Aim of the task: All lines with the word "basis" must be pulled from the entries below.

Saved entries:
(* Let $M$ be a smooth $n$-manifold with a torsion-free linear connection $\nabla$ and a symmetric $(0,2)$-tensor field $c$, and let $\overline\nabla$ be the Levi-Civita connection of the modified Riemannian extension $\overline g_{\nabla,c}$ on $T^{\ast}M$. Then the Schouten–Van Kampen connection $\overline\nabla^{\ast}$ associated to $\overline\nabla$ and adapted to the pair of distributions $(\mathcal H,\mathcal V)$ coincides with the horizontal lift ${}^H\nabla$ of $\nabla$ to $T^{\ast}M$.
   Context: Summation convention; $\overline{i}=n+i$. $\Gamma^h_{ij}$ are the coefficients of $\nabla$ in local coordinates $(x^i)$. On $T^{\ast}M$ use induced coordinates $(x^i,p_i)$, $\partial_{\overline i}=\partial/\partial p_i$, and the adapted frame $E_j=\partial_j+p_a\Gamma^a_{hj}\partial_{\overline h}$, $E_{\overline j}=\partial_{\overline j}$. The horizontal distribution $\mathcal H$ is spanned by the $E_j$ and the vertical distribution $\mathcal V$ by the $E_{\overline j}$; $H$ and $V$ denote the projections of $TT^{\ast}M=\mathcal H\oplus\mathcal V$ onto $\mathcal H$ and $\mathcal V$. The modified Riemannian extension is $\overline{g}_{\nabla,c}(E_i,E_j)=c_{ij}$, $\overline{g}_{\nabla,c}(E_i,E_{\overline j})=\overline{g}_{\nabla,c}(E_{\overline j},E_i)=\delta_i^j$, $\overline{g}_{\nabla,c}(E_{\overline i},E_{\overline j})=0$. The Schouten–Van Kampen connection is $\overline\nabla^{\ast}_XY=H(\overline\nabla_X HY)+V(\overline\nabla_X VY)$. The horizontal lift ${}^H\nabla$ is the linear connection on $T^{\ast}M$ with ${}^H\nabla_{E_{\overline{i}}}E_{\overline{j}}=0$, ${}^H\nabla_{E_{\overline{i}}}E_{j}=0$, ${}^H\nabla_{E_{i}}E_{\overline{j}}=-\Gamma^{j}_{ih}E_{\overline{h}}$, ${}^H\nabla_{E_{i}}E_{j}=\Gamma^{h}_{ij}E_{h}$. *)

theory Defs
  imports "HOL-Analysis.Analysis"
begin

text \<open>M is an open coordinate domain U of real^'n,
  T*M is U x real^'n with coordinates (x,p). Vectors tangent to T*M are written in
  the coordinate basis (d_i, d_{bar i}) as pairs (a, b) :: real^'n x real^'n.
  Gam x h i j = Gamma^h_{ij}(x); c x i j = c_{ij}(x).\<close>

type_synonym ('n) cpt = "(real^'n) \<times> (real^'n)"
==
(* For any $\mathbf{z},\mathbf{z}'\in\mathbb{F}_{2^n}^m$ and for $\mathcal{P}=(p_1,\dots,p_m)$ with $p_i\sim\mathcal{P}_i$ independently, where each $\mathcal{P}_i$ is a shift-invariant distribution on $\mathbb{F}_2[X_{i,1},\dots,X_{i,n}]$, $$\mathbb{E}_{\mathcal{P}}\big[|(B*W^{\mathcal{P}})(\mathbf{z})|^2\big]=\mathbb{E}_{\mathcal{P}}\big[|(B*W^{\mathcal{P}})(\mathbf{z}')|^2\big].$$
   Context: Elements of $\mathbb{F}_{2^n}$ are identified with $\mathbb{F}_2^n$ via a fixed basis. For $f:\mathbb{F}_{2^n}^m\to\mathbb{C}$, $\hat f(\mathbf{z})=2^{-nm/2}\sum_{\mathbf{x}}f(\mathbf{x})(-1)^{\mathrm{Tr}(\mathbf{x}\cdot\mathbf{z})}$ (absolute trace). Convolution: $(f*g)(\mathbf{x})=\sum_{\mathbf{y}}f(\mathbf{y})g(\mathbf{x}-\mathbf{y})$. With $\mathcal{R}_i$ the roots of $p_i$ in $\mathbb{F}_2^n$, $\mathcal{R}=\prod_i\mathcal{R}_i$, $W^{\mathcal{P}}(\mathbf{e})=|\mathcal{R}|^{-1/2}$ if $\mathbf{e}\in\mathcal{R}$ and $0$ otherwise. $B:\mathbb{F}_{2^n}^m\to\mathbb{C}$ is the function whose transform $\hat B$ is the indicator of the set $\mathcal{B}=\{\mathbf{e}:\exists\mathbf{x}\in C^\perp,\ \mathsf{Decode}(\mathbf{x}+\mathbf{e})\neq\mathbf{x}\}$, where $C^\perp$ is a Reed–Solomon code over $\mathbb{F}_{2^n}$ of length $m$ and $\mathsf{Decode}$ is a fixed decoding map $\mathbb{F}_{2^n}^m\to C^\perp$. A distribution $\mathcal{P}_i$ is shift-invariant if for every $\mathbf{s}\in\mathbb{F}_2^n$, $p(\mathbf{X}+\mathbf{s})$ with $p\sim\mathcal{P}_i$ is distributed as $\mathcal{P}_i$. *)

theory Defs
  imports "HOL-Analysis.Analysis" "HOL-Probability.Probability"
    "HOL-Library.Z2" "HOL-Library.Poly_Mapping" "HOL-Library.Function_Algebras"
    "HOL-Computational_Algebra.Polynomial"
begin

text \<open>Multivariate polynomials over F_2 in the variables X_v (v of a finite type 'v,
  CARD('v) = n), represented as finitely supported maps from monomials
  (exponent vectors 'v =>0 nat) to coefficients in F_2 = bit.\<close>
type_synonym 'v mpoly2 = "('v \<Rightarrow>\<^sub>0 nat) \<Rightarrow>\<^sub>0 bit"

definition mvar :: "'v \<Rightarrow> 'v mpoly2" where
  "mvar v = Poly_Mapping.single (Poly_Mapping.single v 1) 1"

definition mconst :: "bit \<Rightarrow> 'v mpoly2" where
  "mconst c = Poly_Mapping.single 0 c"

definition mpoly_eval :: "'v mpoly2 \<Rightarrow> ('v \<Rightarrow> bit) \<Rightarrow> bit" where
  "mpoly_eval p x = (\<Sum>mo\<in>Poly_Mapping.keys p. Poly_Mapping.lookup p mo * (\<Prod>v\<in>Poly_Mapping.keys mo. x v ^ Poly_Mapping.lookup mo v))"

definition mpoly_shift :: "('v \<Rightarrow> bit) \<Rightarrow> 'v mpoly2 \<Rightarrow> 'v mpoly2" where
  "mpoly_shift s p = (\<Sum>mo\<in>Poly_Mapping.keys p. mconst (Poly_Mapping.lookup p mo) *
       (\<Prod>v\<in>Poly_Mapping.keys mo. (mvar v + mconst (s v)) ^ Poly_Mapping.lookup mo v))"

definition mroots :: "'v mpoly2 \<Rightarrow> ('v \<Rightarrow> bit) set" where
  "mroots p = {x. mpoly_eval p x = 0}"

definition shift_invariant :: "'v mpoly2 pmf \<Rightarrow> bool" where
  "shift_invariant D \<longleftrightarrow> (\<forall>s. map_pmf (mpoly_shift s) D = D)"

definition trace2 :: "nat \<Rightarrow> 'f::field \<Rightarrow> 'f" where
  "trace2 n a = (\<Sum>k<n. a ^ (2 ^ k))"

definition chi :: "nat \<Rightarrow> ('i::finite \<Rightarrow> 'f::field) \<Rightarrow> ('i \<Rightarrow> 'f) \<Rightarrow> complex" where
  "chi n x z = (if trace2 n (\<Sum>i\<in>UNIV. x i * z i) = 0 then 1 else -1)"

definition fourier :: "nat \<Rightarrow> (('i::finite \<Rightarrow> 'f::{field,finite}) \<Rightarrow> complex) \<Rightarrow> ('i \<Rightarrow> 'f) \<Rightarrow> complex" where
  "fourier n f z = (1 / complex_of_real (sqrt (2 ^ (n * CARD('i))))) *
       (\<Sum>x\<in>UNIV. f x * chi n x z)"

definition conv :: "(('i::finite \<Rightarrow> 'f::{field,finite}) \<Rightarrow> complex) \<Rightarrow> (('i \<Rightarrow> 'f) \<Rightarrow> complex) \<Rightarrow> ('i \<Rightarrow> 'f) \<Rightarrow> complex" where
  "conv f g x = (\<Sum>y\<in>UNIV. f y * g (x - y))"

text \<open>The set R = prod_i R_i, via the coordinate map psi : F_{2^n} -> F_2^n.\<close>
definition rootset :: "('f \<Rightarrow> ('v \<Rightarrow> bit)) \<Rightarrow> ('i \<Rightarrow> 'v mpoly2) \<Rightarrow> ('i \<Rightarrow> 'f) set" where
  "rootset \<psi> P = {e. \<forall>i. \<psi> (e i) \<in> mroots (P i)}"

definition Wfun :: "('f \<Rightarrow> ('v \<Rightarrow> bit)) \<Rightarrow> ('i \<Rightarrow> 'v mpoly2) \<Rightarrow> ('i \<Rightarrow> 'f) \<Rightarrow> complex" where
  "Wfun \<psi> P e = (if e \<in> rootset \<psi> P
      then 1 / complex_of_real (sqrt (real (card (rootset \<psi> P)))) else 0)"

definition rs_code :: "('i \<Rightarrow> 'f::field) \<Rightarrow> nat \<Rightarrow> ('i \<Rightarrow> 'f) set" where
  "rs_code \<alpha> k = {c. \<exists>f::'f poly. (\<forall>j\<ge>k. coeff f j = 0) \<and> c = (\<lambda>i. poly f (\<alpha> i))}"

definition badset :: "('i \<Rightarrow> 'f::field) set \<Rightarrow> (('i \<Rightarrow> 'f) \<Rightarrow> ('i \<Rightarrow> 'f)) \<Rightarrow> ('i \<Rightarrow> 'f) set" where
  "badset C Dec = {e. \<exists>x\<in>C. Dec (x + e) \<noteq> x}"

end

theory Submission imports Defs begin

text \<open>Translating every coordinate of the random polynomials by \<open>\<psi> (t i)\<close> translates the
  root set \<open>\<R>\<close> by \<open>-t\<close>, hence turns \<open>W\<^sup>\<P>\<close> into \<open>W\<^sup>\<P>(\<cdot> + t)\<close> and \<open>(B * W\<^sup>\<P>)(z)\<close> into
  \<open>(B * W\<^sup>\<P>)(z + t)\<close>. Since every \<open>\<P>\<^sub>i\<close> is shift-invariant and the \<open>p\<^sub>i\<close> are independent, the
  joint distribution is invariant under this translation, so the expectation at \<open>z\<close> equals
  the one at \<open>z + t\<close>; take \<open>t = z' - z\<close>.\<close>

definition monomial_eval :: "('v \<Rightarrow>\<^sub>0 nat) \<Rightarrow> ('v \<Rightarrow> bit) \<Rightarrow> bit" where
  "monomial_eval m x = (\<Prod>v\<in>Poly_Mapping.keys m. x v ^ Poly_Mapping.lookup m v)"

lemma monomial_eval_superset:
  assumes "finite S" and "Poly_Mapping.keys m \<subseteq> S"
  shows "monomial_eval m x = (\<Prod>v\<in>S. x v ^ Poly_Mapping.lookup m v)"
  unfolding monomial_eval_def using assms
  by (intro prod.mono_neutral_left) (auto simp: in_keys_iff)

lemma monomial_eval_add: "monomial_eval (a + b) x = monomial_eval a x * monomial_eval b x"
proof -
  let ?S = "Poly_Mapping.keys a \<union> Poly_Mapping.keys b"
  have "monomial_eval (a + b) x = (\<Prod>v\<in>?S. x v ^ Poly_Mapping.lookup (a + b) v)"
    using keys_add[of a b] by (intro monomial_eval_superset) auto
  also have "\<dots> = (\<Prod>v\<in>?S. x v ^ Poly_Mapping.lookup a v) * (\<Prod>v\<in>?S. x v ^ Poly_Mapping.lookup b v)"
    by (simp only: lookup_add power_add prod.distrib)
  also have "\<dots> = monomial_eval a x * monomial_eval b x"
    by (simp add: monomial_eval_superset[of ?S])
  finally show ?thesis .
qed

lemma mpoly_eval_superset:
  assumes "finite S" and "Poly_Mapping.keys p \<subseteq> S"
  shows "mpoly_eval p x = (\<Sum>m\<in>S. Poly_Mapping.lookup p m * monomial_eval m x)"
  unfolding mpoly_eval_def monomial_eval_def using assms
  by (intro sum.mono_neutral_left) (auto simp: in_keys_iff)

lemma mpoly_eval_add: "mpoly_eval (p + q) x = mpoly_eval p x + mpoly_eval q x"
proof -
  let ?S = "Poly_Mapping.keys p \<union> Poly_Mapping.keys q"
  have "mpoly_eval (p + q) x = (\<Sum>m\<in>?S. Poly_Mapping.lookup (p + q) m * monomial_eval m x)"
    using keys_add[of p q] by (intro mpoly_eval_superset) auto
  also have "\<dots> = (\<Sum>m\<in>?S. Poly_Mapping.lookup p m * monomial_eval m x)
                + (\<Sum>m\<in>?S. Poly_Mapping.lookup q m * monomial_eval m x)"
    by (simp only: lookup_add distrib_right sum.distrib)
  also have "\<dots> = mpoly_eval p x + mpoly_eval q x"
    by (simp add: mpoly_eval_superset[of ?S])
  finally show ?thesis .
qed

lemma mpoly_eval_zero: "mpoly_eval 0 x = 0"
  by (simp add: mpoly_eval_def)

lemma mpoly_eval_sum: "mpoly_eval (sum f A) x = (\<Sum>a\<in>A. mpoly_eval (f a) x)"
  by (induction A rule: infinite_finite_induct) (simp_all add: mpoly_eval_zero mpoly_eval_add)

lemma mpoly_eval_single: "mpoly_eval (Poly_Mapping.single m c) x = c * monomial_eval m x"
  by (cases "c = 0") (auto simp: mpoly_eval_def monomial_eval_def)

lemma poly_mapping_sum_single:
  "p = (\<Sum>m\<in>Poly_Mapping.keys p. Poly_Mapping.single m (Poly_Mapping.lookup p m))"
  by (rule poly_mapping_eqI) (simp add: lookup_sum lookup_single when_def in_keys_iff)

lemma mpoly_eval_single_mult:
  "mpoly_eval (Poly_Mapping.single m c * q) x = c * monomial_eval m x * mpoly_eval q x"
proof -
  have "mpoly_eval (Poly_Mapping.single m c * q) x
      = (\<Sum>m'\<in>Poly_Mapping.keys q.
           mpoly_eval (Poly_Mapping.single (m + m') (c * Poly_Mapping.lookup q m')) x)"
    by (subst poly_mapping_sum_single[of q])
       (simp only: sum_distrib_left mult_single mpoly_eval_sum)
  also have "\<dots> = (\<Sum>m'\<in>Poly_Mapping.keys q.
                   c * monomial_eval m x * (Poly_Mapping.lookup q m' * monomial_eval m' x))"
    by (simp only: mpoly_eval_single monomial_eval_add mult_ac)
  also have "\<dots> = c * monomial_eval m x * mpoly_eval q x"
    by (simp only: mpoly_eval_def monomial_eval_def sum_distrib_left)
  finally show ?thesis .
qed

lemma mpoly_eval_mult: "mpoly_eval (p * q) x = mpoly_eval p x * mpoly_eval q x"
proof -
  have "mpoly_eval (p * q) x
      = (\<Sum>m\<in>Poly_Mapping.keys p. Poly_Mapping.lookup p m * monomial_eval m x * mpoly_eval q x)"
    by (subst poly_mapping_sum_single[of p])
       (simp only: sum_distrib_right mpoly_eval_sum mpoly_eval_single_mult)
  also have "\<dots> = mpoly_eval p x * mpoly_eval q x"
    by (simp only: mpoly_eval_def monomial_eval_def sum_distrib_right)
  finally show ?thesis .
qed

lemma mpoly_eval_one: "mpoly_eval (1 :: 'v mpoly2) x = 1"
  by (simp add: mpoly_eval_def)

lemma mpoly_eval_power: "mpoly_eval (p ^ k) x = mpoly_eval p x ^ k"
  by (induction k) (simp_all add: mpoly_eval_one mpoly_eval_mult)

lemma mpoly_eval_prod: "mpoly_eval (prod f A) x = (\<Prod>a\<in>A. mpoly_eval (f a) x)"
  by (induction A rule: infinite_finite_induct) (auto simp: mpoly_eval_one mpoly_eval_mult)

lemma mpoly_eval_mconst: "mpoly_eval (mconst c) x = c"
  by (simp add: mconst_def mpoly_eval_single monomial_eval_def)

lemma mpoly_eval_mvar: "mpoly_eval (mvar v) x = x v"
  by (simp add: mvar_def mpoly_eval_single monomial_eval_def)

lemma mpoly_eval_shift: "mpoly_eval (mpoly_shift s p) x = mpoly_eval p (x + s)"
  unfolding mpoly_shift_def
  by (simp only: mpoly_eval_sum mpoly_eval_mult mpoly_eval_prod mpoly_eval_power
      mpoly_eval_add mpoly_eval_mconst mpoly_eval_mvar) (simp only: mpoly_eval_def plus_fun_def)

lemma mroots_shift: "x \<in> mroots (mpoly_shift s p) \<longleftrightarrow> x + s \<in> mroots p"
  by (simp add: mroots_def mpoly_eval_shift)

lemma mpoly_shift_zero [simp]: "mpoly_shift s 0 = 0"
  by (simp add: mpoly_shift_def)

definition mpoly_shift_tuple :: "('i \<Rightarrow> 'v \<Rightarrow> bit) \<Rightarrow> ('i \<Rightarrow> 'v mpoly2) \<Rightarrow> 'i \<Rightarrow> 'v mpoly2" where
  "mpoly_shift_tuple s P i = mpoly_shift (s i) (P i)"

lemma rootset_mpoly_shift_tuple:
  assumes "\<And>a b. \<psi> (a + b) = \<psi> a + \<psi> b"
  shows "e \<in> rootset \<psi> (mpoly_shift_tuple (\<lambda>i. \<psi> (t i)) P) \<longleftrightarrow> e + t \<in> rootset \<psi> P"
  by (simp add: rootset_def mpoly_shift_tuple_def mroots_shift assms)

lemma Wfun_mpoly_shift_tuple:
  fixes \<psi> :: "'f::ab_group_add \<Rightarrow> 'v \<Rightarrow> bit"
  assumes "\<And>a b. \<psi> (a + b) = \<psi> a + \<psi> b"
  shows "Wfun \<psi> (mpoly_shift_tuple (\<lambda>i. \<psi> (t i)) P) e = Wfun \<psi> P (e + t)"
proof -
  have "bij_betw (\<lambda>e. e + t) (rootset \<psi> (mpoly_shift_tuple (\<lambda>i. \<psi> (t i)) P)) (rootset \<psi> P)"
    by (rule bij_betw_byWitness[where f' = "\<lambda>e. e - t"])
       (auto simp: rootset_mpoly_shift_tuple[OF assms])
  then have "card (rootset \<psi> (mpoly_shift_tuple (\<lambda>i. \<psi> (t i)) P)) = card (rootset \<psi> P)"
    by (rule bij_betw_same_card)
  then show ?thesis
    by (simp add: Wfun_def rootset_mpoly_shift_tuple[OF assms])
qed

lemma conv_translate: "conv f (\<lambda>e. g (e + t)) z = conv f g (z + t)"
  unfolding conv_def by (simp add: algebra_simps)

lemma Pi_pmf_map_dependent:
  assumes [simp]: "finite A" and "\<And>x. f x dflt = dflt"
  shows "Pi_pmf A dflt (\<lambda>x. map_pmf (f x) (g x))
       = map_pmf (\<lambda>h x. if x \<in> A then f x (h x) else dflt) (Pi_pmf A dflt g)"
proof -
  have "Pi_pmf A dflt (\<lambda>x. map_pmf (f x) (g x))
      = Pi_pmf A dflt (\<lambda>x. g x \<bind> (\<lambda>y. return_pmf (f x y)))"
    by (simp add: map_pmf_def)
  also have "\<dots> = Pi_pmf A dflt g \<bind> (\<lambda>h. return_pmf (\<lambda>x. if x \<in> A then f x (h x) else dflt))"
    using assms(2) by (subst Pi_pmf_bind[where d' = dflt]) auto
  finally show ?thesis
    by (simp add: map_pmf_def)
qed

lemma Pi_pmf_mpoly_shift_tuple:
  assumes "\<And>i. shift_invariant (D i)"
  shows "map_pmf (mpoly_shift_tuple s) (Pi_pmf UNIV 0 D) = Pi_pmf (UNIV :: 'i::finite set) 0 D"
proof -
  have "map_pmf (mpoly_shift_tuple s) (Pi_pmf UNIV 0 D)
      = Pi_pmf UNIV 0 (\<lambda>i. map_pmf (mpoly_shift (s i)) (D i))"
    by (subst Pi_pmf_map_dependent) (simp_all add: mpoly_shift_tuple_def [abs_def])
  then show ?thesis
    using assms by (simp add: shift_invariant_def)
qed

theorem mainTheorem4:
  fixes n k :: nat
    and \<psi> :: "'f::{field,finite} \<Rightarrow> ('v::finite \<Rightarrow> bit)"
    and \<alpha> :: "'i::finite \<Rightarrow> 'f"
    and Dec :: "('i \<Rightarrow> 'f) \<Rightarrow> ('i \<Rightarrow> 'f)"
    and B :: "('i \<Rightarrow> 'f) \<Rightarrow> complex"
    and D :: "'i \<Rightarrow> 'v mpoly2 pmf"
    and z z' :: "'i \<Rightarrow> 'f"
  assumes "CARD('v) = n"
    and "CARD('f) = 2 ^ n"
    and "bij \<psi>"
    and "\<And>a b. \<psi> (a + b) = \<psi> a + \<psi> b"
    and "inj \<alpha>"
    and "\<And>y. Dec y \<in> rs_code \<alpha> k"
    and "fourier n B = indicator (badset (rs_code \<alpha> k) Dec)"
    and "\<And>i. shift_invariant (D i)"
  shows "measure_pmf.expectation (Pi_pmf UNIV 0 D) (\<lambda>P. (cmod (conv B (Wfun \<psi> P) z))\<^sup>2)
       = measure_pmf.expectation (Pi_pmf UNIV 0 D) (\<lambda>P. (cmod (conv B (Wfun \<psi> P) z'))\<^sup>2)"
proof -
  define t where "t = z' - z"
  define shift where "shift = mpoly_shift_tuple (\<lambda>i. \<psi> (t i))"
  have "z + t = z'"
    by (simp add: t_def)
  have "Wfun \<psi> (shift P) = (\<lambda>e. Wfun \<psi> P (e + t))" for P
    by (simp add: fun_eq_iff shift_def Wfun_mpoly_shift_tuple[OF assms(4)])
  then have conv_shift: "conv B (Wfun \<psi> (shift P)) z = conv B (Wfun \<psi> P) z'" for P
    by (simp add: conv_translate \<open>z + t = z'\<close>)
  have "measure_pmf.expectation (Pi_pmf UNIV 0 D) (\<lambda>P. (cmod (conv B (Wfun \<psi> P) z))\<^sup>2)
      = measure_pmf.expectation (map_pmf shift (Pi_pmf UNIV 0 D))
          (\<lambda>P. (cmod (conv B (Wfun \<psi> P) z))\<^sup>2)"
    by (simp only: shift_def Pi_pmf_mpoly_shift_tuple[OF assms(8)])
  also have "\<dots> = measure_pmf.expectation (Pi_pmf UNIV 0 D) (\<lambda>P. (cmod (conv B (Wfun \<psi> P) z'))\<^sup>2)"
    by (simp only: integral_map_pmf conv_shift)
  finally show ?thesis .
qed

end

Written answer:
  the coordinate basis (d_i, d_{bar i}) as pairs (a, b) :: real^'n x real^'n.
   Context: Elements of $\mathbb{F}_{2^n}$ are identified with $\mathbb{F}_2^n$ via a fixed basis. For $f:\mathbb{F}_{2^n}^m\to\mathbb{C}$, $\hat f(\mathbf{z})=2^{-nm/2}\sum_{\mathbf{x}}f(\mathbf{x})(-1)^{\mathrm{Tr}(\mathbf{x}\cdot\mathbf{z})}$ (absolute trace). Convolution: $(f*g)(\mathbf{x})=\sum_{\mathbf{y}}f(\mathbf{y})g(\mathbf{x}-\mathbf{y})$. With $\mathcal{R}_i$ the roots of $p_i$ in $\mathbb{F}_2^n$, $\mathcal{R}=\prod_i\mathcal{R}_i$, $W^{\mathcal{P}}(\mathbf{e})=|\mathcal{R}|^{-1/2}$ if $\mathbf{e}\in\mathcal{R}$ and $0$ otherwise. $B:\mathbb{F}_{2^n}^m\to\mathbb{C}$ is the function whose transform $\hat B$ is the indicator of the set $\mathcal{B}=\{\mathbf{e}:\exists\mathbf{x}\in C^\perp,\ \mathsf{Decode}(\mathbf{x}+\mathbf{e})\neq\mathbf{x}\}$, where $C^\perp$ is a Reed–Solomon code over $\mathbb{F}_{2^n}$ of length $m$ and $\mathsf{Decode}$ is a fixed decoding map $\mathbb{F}_{2^n}^m\to C^\perp$. A distribution $\mathcal{P}_i$ is shift-invariant if for every $\mathbf{s}\in\mathbb{F}_2^n$, $p(\mathbf{X}+\mathbf{s})$ with $p\sim\mathcal{P}_i$ is distributed as $\mathcal{P}_i$. *)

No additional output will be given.